[PROBLEM TO WORK ON]:
Set out exactly every line of the entries below, starting at the line that holds "(fst pq), g" and stopping after the line that holds "set \<Rightarrow> 'p set".

──────────────────────────────

(* In the Standing Setting, let $r^*=r/(r,\lambda)$ and $\lambda^*=\lambda/(r,\lambda)$. Then (i) $r^*=2(\omega-1)$; (ii) $k=\frac{\lambda^*(\omega+1)}{2}+1$; (iii) $b<4v$.
   Context: Standing Setting: $\mathcal{D}=(\Omega,\mathcal{B})$ is a non-trivial $2$-$(v,k,\lambda)$ design (every two distinct points in exactly $\lambda$ blocks, blocks of size $k$, $2<k<v$) with $b$ blocks and replication number $r$, satisfying $\lambda\ge (r,\lambda)^2$. $G\le\mathrm{Aut}(\mathcal{D})$ is flag-transitive (transitive on pairs $(p,B)$ with $p\in B\in\mathcal{B}$). Moreover $\Omega=\Delta\times\Delta$ with $|\Delta|=\omega\ge 5$ odd, so $v=\omega^2$, and $T\times T\trianglelefteq G\le T_0\wr \mathbb{Z}_2$ acting in product action (the $\mathbb{Z}_2$ interchanging the two coordinates), where $T_0\le\mathrm{Sym}(\Delta)$ is $2$-transitive with nonabelian simple socle $T$; $G$ has rank $3$ on $\Omega$. *)

theory Defs
  imports "HOL-Algebra.Algebra"
begin

abbreviation perm_sub :: "'a set \<Rightarrow> ('a \<Rightarrow> 'a) set \<Rightarrow> ('a \<Rightarrow> 'a) monoid" where
  "perm_sub S H \<equiv> (BijGroup S)\<lparr>carrier := H\<rparr>"

definition minimal_normal :: "('g, 'b) monoid_scheme \<Rightarrow> 'g set \<Rightarrow> bool" where
  "minimal_normal G N \<longleftrightarrow> N \<lhd> G \<and> N \<noteq> {\<one>\<^bsub>G\<^esub>} \<and>
     (\<forall>M. M \<lhd> G \<and> M \<subseteq> N \<longrightarrow> M = {\<one>\<^bsub>G\<^esub>} \<or> M = N)"

definition socle :: "('g, 'b) monoid_scheme \<Rightarrow> 'g set" where
  "socle G = generate G (\<Union>{N. minimal_normal G N})"

definition two_transitive :: "'a set \<Rightarrow> ('a \<Rightarrow> 'a) set \<Rightarrow> bool" where
  "two_transitive D H \<longleftrightarrow> (\<forall>a\<in>D. \<forall>b\<in>D. \<forall>c\<in>D. \<forall>d\<in>D. a \<noteq> b \<longrightarrow> c \<noteq> d \<longrightarrow>
     (\<exists>g\<in>H. g a = c \<and> g b = d))"

definition prod_perm :: "'a set \<Rightarrow> ('a \<Rightarrow> 'a) \<Rightarrow> ('a \<Rightarrow> 'a) \<Rightarrow> ('a \<times> 'a \<Rightarrow> 'a \<times> 'a)" where
  "prod_perm D g h = restrict (\<lambda>(x, y). (g x, h y)) (D \<times> D)"

definition swap_perm :: "'a set \<Rightarrow> ('a \<Rightarrow> 'a) \<Rightarrow> ('a \<Rightarrow> 'a) \<Rightarrow> ('a \<times> 'a \<Rightarrow> 'a \<times> 'a)" where
  "swap_perm D g h = restrict (\<lambda>(x, y). (g y, h x)) (D \<times> D)"

definition base_group :: "'a set \<Rightarrow> ('a \<Rightarrow> 'a) set \<Rightarrow> ('a \<times> 'a \<Rightarrow> 'a \<times> 'a) set" where
  "base_group D T = {prod_perm D g h | g h. g \<in> T \<and> h \<in> T}"

text \<open>T0 wr Z2 in product action (the Z2 interchanging the coordinates)\<close>
definition wreath_prod_action :: "'a set \<Rightarrow> ('a \<Rightarrow> 'a) set \<Rightarrow> ('a \<times> 'a \<Rightarrow> 'a \<times> 'a) set" where
  "wreath_prod_action D T0 = base_group D T0 \<union> {swap_perm D g h | g h. g \<in> T0 \<and> h \<in> T0}"

definition orbital :: "('p \<Rightarrow> 'p) set \<Rightarrow> 'p \<times> 'p \<Rightarrow> ('p \<times> 'p) set" where
  "orbital G pq = {(g (fst pq), g (snd pq)) | g. g \<in> G}"

definition transitive_on :: "('p \<Rightarrow> 'p) set \<Rightarrow> 'p set \<Rightarrow> bool" where
  "transitive_on G \<Omega> \<longleftrightarrow> (\<forall>p\<in>\<Omega>. \<forall>q\<in>\<Omega>. \<exists>g\<in>G. g p = q)"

──────────────────────────────

[ANSWER SPACE]:
  "orbital G pq = {(g (fst pq), g (snd pq)) | g. g \<in> G}"

definition transitive_on :: "('p \<Rightarrow> 'p) set \<Rightarrow> 'p set \<Rightarrow> bool" where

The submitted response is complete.